Steps in methylation site prediction. The first step consists of data collection and removal of redundant sequences. The second step includes feature extraction, such as dipeptide composition, amino acid composition, normal distribution, and physicochemical properties. Next, build models for various machine learning algorithms. Then, evaluate the model using different evaluation metrics. Finally, interpret the output of the model using XAI techniques

Our approach has potential implications for both science and drug discovery. Predicting protein methylation sites can deliver insight into the biological functions of proteins and can be used to develop new treatments for diseases, including cancer and neurodegenerative diseases [25]. The XAI method used in our study becomes more precise and interpretable by applying it to other computational biology and medicine machine-learning models.

The remaining sections are presented as shown: Sect. 2 describes the data used in the research, feature extraction, machine learning algorithms, and evaluation metrics to find the effectiveness of all models. Section 3 discusses the results along with a comparison of various algorithms for the identification of protein methylation sites. Section 4 explains the interpretation process of XAI. Finally, Section 5 will conclude the paper and implications for research and future directions in this area.

2 Materials and methods

2.1 Data set

We gathered experimental evidence of in vivo methylated arginine sites from the manuscript [26] and UniProt database (version 2015_06) [27]. The dataset selected consists of experimentally verified sites where methylation happened. Searches were performed using the terms ’arginine,’ ’methylation,’ and ’methylation site’ to ensure the reliability of the data included. After careful analysis, peptides/proteins mentioned in PubMed search publications from June 2015 to December 2015 were added to the database. The collected data did not include methylated regions reported in vitro, which lack significant in vivo evidence. The ambiguous regions/proteins, including non-standard amino acids, inconsistent regions, small proteins (less than 30 amino acids), and protein-free foods were removed. To maintain the reliability of the data, they did not consider methylated sites from the PhosphoSitePlus database [28] due to the lack of detailed information on the experimental sources as well as additional supporting evidence for confirming the PTM evidence. We selected this dataset because most of the state-of-the-art methods used it. For a fair comparison of the proposed model with state-of-the-art methods, the dataset should be same. So, we selected these experimental dataset to show the effectiveness of the proposed model.

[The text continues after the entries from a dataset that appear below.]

(* Consider economies with individual endowments and single-peaked preferences. A rule on this domain satisfies own-peak-onliness, efficiency, the endowments guarantee, and not obvious manipulability (NOM) if and only if it is a simple reallocation rule.
   Context: Let $N=\{1,\dots,n\}$ be a finite set of agents. A preference $R_i$ is a continuous complete preorder on $\mathbb{R}_+\cup\{\infty\}$ ($P_i$ strict, $I_i$ indifference); its peak $p(R_i)$ is the set of maximal elements. $R_i$ is single-peaked if $p(R_i)$ is a singleton (identified with its element) and for $x,x'\in\mathbb{R}_+$, $xP_ix'$ whenever $x'<x\le p(R_i)$ or $p(R_i)\le x<x'$; $\mathcal{SP}$ is the set of these. An economy is $(R,\omega)$ with $R\in\mathcal{SP}^n$ and an endowment profile $\omega=(\omega_i)_{i\in N}\in\mathbb{R}^n_+$ with $\Omega=\sum_j\omega_j>0$. A rule assigns to each economy $\varphi(R,\omega)\in\mathbb{R}^n_+$ with $\sum_j\varphi_j(R,\omega)=\Omega$. Properties: Efficiency: no $x\in\mathbb{R}^n_+$ with $\sum_jx_j=\Omega$ has $x_iR_i\varphi_i(R,\omega)$ for all $i$ and $x_iP_i\varphi_i(R,\omega)$ for some $i$. Own-peak-onliness: $p(R_i')=p(R_i)$ implies $\varphi_i(R,\omega)=\varphi_i(R_i',R_{-i},\omega)$. Endowments guarantee: $p(R_i)=\omega_i$ implies $\varphi_i(R,\omega)I_i\omega_i$. Option set $O^\varphi(R_i,\omega)=\{\varphi_i(R_i,R_{-i},\omega):R_{-i}\in\mathcal{SP}^{n-1}\}$; $R_i'$ is a manipulation at $(R_i,\omega)$ if $\varphi_i(R_i',R_{-i},\omega)P_i\varphi_i(R_i,R_{-i},\omega)$ for some $R_{-i}$, and an obvious manipulation if moreover each $x'\in O^\varphi(R_i',\omega)$ satisfies $x'P_ix$ for some $x\in O^\varphi(R_i,\omega)$; NOM means there is no obvious manipulation. Simple reallocation rule: let $z(R,\omega)=\sum_jp(R_j)-\Omega$; agent $i$ is simple if ($z\ge0$ and $p(R_i)<\omega_i$) or ($z\le0$ and $p(R_i)>\omega_i$). An own-peak-only rule is a simple reallocation rule if for every economy it assigns to each simple agent his peak $p(R_i)$ and to each non-simple agent an amount in the closed interval between $\omega_i$ and $p(R_i)$. *)

theory Defs
  imports "HOL-Library.Extended_Nonnegative_Real"
begin

type_synonym pref = "ennreal \<Rightarrow> ennreal \<Rightarrow> bool"

definition complete_preorder :: "pref \<Rightarrow> bool" where
  "complete_preorder R \<longleftrightarrow> (\<forall>x y. R x y \<or> R y x) \<and> (\<forall>x y z. R x y \<longrightarrow> R y z \<longrightarrow> R x z)"

definition continuous_pref :: "pref \<Rightarrow> bool" where
  "continuous_pref R \<longleftrightarrow> (\<forall>x. closed {y. R y x} \<and> closed {y. R x y})"

definition strict :: "pref \<Rightarrow> ennreal \<Rightarrow> ennreal \<Rightarrow> bool" where
  "strict R x y \<longleftrightarrow> R x y \<and> \<not> R y x"

definition indiff :: "pref \<Rightarrow> ennreal \<Rightarrow> ennreal \<Rightarrow> bool" where
  "indiff R x y \<longleftrightarrow> R x y \<and> R y x"
lemma qorder_trans:
  "qorder Q \<Longrightarrow> a \<in> qcar Q \<Longrightarrow> b \<in> qcar Q \<Longrightarrow> c \<in> qcar Q \<Longrightarrow> qle Q a b \<Longrightarrow> qle Q b c
    \<Longrightarrow> qle Q a c"
  unfolding qorder_def by blast

lemma qorder_restrict:
  assumes "qorder Q" "S \<subseteq> qcar Q"
  shows "qorder (Q\<lparr>qcar := S\<rparr>)"
  unfolding qorder_def
  using qorder_refl[OF assms(1)] qorder_antisym[OF assms(1)] qorder_trans[OF assms(1)] assms(2)
  by (simp (no_asm)) blast

lemma is_lub_unique: "qorder Q \<Longrightarrow> is_lub Q A x \<Longrightarrow> is_lub Q A y \<Longrightarrow> x = y"
  unfolding is_lub_def by (blast intro: qorder_antisym)

lemma is_glb_unique: "qorder Q \<Longrightarrow> is_glb Q A x \<Longrightarrow> is_glb Q A y \<Longrightarrow> x = y"
  unfolding is_glb_def by (blast intro: qorder_antisym)

lemma qSup_eq: "qorder Q \<Longrightarrow> is_lub Q A x \<Longrightarrow> qSup Q A = x"
  unfolding qSup_def by (rule the_equality, assumption, rule is_lub_unique)

lemma complete_lat_qorder: "complete_lat Q \<Longrightarrow> qorder Q"
  unfolding complete_lat_def by (rule conjunct1)

lemma is_lub_qSup:
  assumes "complete_lat Q" "A \<subseteq> qcar Q"
  shows "is_lub Q A (qSup Q A)"
proof -
  obtain x where x: "is_lub Q A x"
    using assms unfolding complete_lat_def by blast
  then show ?thesis
    using qSup_eq[OF complete_lat_qorder[OF assms(1)] x] by simp
qed

lemma qSup_closed: "complete_lat Q \<Longrightarrow> A \<subseteq> qcar Q \<Longrightarrow> qSup Q A \<in> qcar Q"
  by (drule (1) is_lub_qSup) (simp add: is_lub_def)

lemma qSup_upper: "complete_lat Q \<Longrightarrow> A \<subseteq> qcar Q \<Longrightarrow> a \<in> A \<Longrightarrow> qle Q a (qSup Q A)"
  by (drule (1) is_lub_qSup) (simp add: is_lub_def)

lemma qSup_least:
  assumes "complete_lat Q" "A \<subseteq> qcar Q" "y \<in> qcar Q" "\<And>a. a \<in> A \<Longrightarrow> qle Q a y"
  shows "qle Q (qSup Q A) y"
  using is_lub_qSup[OF assms(1,2)] assms(3,4) unfolding is_lub_def by blast

lemma qtop_closed: "complete_lat Q \<Longrightarrow> qtop Q \<in> qcar Q"
  unfolding qtop_def by (simp add: qSup_closed)

lemma qtop_greatest: "complete_lat Q \<Longrightarrow> a \<in> qcar Q \<Longrightarrow> qle Q a (qtop Q)"
  unfolding qtop_def by (simp add: qSup_upper)

lemma qSup_eq_qtop: "complete_lat Q \<Longrightarrow> S \<subseteq> qcar Q \<Longrightarrow> qtop Q \<in> S \<Longrightarrow> qSup Q S = qtop Q"
  by (intro qSup_eq complete_lat_qorder) (auto simp: is_lub_def qtop_closed qtop_greatest)

lemma qSup_pair_of_le:
  "complete_lat Q \<Longrightarrow> x \<in> qcar Q \<Longrightarrow> y \<in> qcar Q \<Longrightarrow> qle Q x y \<Longrightarrow> qSup Q {x, y} = y"
  by (rule qSup_eq) (auto simp: is_lub_def complete_lat_qorder qorder_refl)

lemma qSup_preserving_mono:
  assumes "complete_lat Q" "complete_lat R" "f ` qcar Q \<subseteq> qcar R"
    and "\<And>A. A \<subseteq> qcar Q \<Longrightarrow> f (qSup Q A) = qSup R (f ` A)"
    and "x \<in> qcar Q" "y \<in> qcar Q" "qle Q x y"
  shows "qle R (f x) (f y)"
proof -
  have "f y = qSup R {f x, f y}"
    using assms(4)[of "{x, y}"] qSup_pair_of_le[OF assms(1,5,6,7)] assms(5,6) by simp
  then show ?thesis
    using qSup_upper[OF assms(2), of "{f x, f y}" "f x"] assms(3,5,6) by auto
qed

lemma qSup_restrict:
  assumes "complete_lat Q" "S \<subseteq> qcar Q" "\<And>A. A \<subseteq> S \<Longrightarrow> qSup Q A \<in> S" "A \<subseteq> S"
  shows "qSup (Q\<lparr>qcar := S\<rparr>) A = qSup Q A"
proof (rule qSup_eq)
  show "qorder (Q\<lparr>qcar := S\<rparr>)"
    using assms(1,2) by (simp add: complete_lat_qorder qorder_restrict)
  show "is_lub (Q\<lparr>qcar := S\<rparr>) A (qSup Q A)"
    using is_lub_qSup[OF assms(1), of A] assms(2-4) unfolding is_lub_def by auto
qed

lemma complete_lat_restrict:
  assumes "complete_lat Q" "S \<subseteq> qcar Q" "\<And>A. A \<subseteq> S \<Longrightarrow> qSup Q A \<in> S"
  shows "complete_lat (Q\<lparr>qcar := S\<rparr>)"
  unfolding complete_lat_def
proof (intro conjI allI impI)
  show "qorder (Q\<lparr>qcar := S\<rparr>)"
    using assms(1,2) by (simp add: complete_lat_qorder qorder_restrict)
  fix A assume "A \<subseteq> qcar (Q\<lparr>qcar := S\<rparr>)"
  then have "is_lub Q A (qSup Q A)" "qSup Q A \<in> S"
    using is_lub_qSup[OF assms(1)] assms(2,3) by auto
  then have "is_lub (Q\<lparr>qcar := S\<rparr>) A (qSup Q A)"
    unfolding is_lub_def using assms(2) by auto
  then show "\<exists>x. is_lub (Q\<lparr>qcar := S\<rparr>) A x" ..
qed

lemma quantale_complete_lat: "quantale Q \<Longrightarrow> complete_lat Q"
  unfolding quantale_def by (rule conjunct1)

lemma quantale_mul_closed: "quantale Q \<Longrightarrow> a \<in> qcar Q \<Longrightarrow> b \<in> qcar Q \<Longrightarrow> qmul Q a b \<in> qcar Q"
  unfolding quantale_def by blast

lemma quantale_mul_assoc:
  "quantale Q \<Longrightarrow> a \<in> qcar Q \<Longrightarrow> b \<in> qcar Q \<Longrightarrow> c \<in> qcar Q
    \<Longrightarrow> qmul Q (qmul Q a b) c = qmul Q a (qmul Q b c)"
  unfolding quantale_def by blast

lemma quantale_mul_qSup_left:
  "quantale Q \<Longrightarrow> a \<in> qcar Q \<Longrightarrow> B \<subseteq> qcar Q \<Longrightarrow> qmul Q a (qSup Q B) = qSup Q (qmul Q a ` B)"
  unfolding quantale_def by blast

lemma quantale_mul_qSup_right:
  "quantale Q \<Longrightarrow> a \<in> qcar Q \<Longrightarrow> B \<subseteq> qcar Q
    \<Longrightarrow> qmul Q (qSup Q B) a = qSup Q ((\<lambda>b. qmul Q b a) ` B)"
  unfolding quantale_def by blast

lemma quantale_mul_mono_right:
  assumes "quantale Q" "a \<in> qcar Q" "b \<in> qcar Q" "c \<in> qcar Q" "qle Q b c"
  shows "qle Q (qmul Q a b) (qmul Q a c)"
  using assms quantale_complete_lat
  by (intro qSup_preserving_mono[where f = "qmul Q a"])
    (auto simp: quantale_mul_closed quantale_mul_qSup_left)

lemma involutive_quantale_quantale: "involutive_quantale Q \<Longrightarrow> quantale Q"
  unfolding involutive_quantale_def by (rule conjunct1)

lemma qinv_closed: "involutive_quantale Q \<Longrightarrow> a \<in> qcar Q \<Longrightarrow> qinv Q a \<in> qcar Q"
  unfolding involutive_quantale_def by blast

lemma qinv_qinv: "involutive_quantale Q \<Longrightarrow> a \<in> qcar Q \<Longrightarrow> qinv Q (qinv Q a) = a"
  unfolding involutive_quantale_def by blast

lemma qinv_qmul:
  "involutive_quantale Q \<Longrightarrow> a \<in> qcar Q \<Longrightarrow> b \<in> qcar Q
    \<Longrightarrow> qinv Q (qmul Q a b) = qmul Q (qinv Q b) (qinv Q a)"
  unfolding involutive_quantale_def by blast

lemma qinv_qSup: "involutive_quantale Q \<Longrightarrow> A \<subseteq> qcar Q \<Longrightarrow> qinv Q (qSup Q A) = qSup Q (qinv Q ` A)"
  unfolding involutive_quantale_def by blast

lemma qinv_mono:
  assumes "involutive_quantale Q" "a \<in> qcar Q" "b \<in> qcar Q" "qle Q a b"
  shows "qle Q (qinv Q a) (qinv Q b)"
  using assms quantale_complete_lat[OF involutive_quantale_quantale[OF assms(1)]]
  by (intro qSup_preserving_mono[where f = "qinv Q"]) (auto simp: qinv_closed qinv_qSup)

lemma qinv_qtop: "involutive_quantale Q \<Longrightarrow> qinv Q (qtop Q) = qtop Q"
proof -
  assume Q: "involutive_quantale Q"
  have "qinv Q ` qcar Q = qcar Q"
    using qinv_closed[OF Q] qinv_qinv[OF Q] by (force intro: image_eqI)
  then show ?thesis
    unfolding qtop_def by (simp add: qinv_qSup[OF Q])
qed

Notably, a significant portion of our methylation data is identical to the information shown on PhosphoSitePlus, which they claim to have been extracted from the literature. The data set consists of 2596 protein sequences, of which 1298 were methylated peptide sequences. The negative peptide sequences were generated from those arginine sites not marked as methylated from the same protein sequences from which positive data were selected. Using CD-HIT-2d [29] with 40% similarity cut-off, the negative peptide sequences were selected by removing redundant sequences with positive sequences. The length of the peptide sequences is 19, and these are segments from the full protein sequence. We combined the positive and negative sequences to form a benchmark data set. The benchmark data set is divided into two parts: training and testing. We used 80% of the data for model training and the rest 20% for testing of the model.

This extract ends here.